_THE PROBLEM_. Scan the data below and give the number of lines that include the word "Rightarrow", with no other words.

━━━━━ ENTRIES SUPPLIED

(* Let $G=(V,E,\partial)$ be a finite discrete graph with standard weights ($w_e=1$) and no magnetic potential, let $V_0\subseteq V$ and let $V_1\subsetneq V_0$ be a proper subset. For any two different $s$-partitions $A$ and $B$ of a natural number $r\ge4$, the equilateral metric graphs $\mathcal F_{A,V_1}$ and $\mathcal F_{B,V_1}$ associated with the discrete $V_1$-contracted frame unions $F_{A,V_1}(G,V_0)$ and $F_{B,V_1}(G,V_0)$ are isospectral (for the Kirchhoff Laplacian) and not isomorphic.
   Context: A graph $G=(V,E,\partial)$: finite disjoint sets $V,E$, incidence $\partial e=(\partial_-e,\partial_+e)$, inversion $e\mapsto\bar e$ ($\bar{\bar e}=e$, $\bar e\ne e$, $\partial_\pm\bar e=\partial_\mp e$); loops/multiple edges allowed; every vertex has positive degree. Contraction of vertices along an equivalence relation keeps all edges and replaces vertices by classes. Frame member: $G^a$ is the disjoint union of $a$ copies $G\times\{j\}$; with $(v,i)\sim(v',j)$ iff $(v,i)=(v',j)$ or ($v=v'\in V_0$), $F_a(G,V_0)=G^a/\!\sim$. An $s$-partition of $r$ is a multiset $A=\{\!\{a_1,\dots,a_s\}\!\}$ of natural numbers with sum $r$; $F_A=\bigsqcup_{i=1}^sF_{a_i}(G,V_0)\times\{i\}$, and $F_{A,V_1}$ is obtained from $F_A$ by contracting, for each $v_1\in V_1$, the $s$ vertices $([v_1],i)$ into one vertex. The equilateral metric graph $\mathcal G$ of a discrete graph: choose one edge from each pair $\{e,\bar e\}$, replace it by a copy of $[0,1]$, and glue the endpoints $0,1$ of the copy of $e$ to $\partial_-e,\partial_+e$. The Kirchhoff Laplacian acts as $-f_e''$ on each edge, on functions in $H^2$ on each edge that are continuous at every vertex and satisfy $\sum_{e\in E_v}f_e'(0)=0$ (derivatives taken outward from $v$) at every vertex $v$. Isospectral means the eigenvalues agree with multiplicity. *)

theory Defs
  imports Complex_Main "HOL-Library.Multiset"
begin

record ('v, 'e) dgraph =
  gV   :: "'v set"
  gE   :: "'e set"
  gsrc :: "'e \<Rightarrow> 'v"
  gtgt :: "'e \<Rightarrow> 'v"
  ginv :: "'e \<Rightarrow> 'e"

━━━━━━━━━━

_RESULT OF THE EXERCISE_. 3